Most people also know how the Royal Governer of Massachussetts got scared and asked for troops to defend his a...um, keep the peace; and how in 1770 some of those troops got pushed around and shot back; and how in 1773 Sam Adams and friends objected to having to pay a tax on tea when the Honourable East India Company could import said tea for no charge, and said tea ended up at the bottom of Boston Harbor.
And of course the war actually started on April 19, 1775, when the troops were sent to seize the colonists armory at Concorde, Massachussetts, the first American Gun Control act. The colonists fought back at Lexington and Concorde, and the war was underway. Many of the colonial leaders at that time still hoped to reach an equitable peace and stay British.
Over the next fifteen months the Continental Congress was formed and formally declared war, and several commuities and colonies created their own declarations of independence. It was finally decided to make the independence general, and Congress set about making it official.
The Second Continental Congress met in Philadelphia in May 1776, and on June 7 Richard Henry Lee issued a resolution That these united colonies are, and of a right ought to be, free and independent States, that they are absolved from all allegiance to the British crown, and that all political connection between them and the state of Great Britain is, and ought to be totally disolved.
On June 11 Congress appointed the "Committee Of Five" to create a formal declaration, consisting of Benjamin Franklin, John Adams, Thomas Jefferson, Roger Sherman and Robert Livingston. They voted that Jefferson should write the document, and the committee would then examine and revise it. Adams wrote years later that Jefferson offered him the job, but that he said Jefferson was better qualified Reason First. You are a Virginian and a Virginian ought to appear the head of the business.
Reason Second. I am obnoxious, suspected, and unpopular; you are very much otherwise.
Reason Third. You can write ten times better than I can.
Jefferson wrote that it didn't really happen that way, but it's still a great story.
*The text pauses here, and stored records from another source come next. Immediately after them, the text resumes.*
(* Let $q$ be a prime power and $1\le s<t$ integers. If there exists a linear OA$(s,t,q)$, then there exist a linear AOA$(s,t,t,q)$ and a linear AOA$(t-s,t,t,q)$.
   Context: An orthogonal array OA$(t,k,v)$ (with $1\le t\le k$) is a $v^t\times k$ array with entries from a set $X$ of size $v$ such that, for every choice of $t$ of its columns, each $t$-tuple in $X^t$ appears exactly once as a row of the corresponding $v^t\times t$ subarray. For integers $1\le s\le t\le k$, an augmented orthogonal array AOA$(s,t,k,v)$ is a $v^t\times(k+1)$ array $A$ such that: (1) the first $k$ columns of $A$ form an OA$(t,k,v)$ on a symbol set $X$ of size $v$; (2) the last column of $A$ has entries from a set $Y$ of size $v^{t-s}$; (3) for any choice of $s$ of the first $k$ columns, these $s$ columns together with the last column contain every $(s+1)$-tuple of $X^s\times Y$ exactly once as a row. For a prime power $q$, an OA$(t,k,q)$ over $\mathbb{F}_q$ is linear if its set of rows is a $t$-dimensional $\mathbb{F}_q$-subspace of $\mathbb{F}_q^k$; an AOA$(s,t,k,q)$ is linear if $X=\mathbb{F}_q$, $Y=\mathbb{F}_q^{t-s}$, and its set of rows, regarded as vectors in $\mathbb{F}_q^{k}\times\mathbb{F}_q^{t-s}=\mathbb{F}_q^{k+t-s}$, is an $\mathbb{F}_q$-linear subspace. *)

theory Defs
  imports "HOL-Library.FuncSet"
begin

text \<open>Arrays are lists of rows; a row of an array with k columns is a list of length k.
  Column indices are 0..<k. A choice of t columns is a t-element subset of {0..<k}.\<close>

definition is_OA :: "nat \<Rightarrow> nat \<Rightarrow> 'a set \<Rightarrow> 'a list list \<Rightarrow> bool" where
  "is_OA t k X A \<longleftrightarrow>
     1 \<le> t \<and> t \<le> k \<and> finite X \<and>
     length A = card X ^ t \<and>
     (\<forall>r\<in>set A. length r = k \<and> set r \<subseteq> X) \<and>
     (\<forall>S. S \<subseteq> {0..<k} \<and> card S = t \<longrightarrow>
        (\<forall>u \<in> S \<rightarrow>\<^sub>E X. length (filter (\<lambda>r. \<forall>i\<in>S. r ! i = u i) A) = 1))"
Jefferson finished the first draft, discussed some changes with Adams and gave it to Franklin on June 21. On July 2, the revised copy was presented to Congress, and they voted for independence. They then proceeded to revise the document further as a whole. The most important record of that day was a letter from John Adams to his wife Abigail: The Second day of July, 1776, will be the most memorable epocha in the history of America. I am apt to believe that it will be celebrated by succeeding generations as the great anniversary festival. It ought to be commemorated as the Day Of Deliverance by solemn acts of devotion to God Almighty. It ought to be solemnized with pomp and parade, with shows, games, sports, guns, bells, bonfires, and illuminations from one end of this continent to the other from this time forward forever more.
How could Adams have been so wrong? On July 3 the Congress made several more revisions, some of which broke Jeffersons's heart. Among these was a clause in which he accused King George of being responsible for the slave trade, a patently false premise which probably deserved removal.
The final copy was ready on July 4, and they took a vote deciding that this was the copy they wanted to send to the printers. Adams wrote nothing in his diary or a letter concerning that day, and Jefferson only wrote in his account book that he purchased a new thermometer and seven pairs of gloves for his wife.
So why the 4th, and not the 2nd? Two reasons:
1) The vote for independence really wasn't as important as the Declaration itself, as the stated purpose was to explain to the rest of the world why they were fighting against the Mother Country.
2) The copy that went to the printers on the fourth, and entered into history on the fifth; the copy we have today; says right there at the top, very first thing: IN CONGRESS, JULY 4TH, 1776...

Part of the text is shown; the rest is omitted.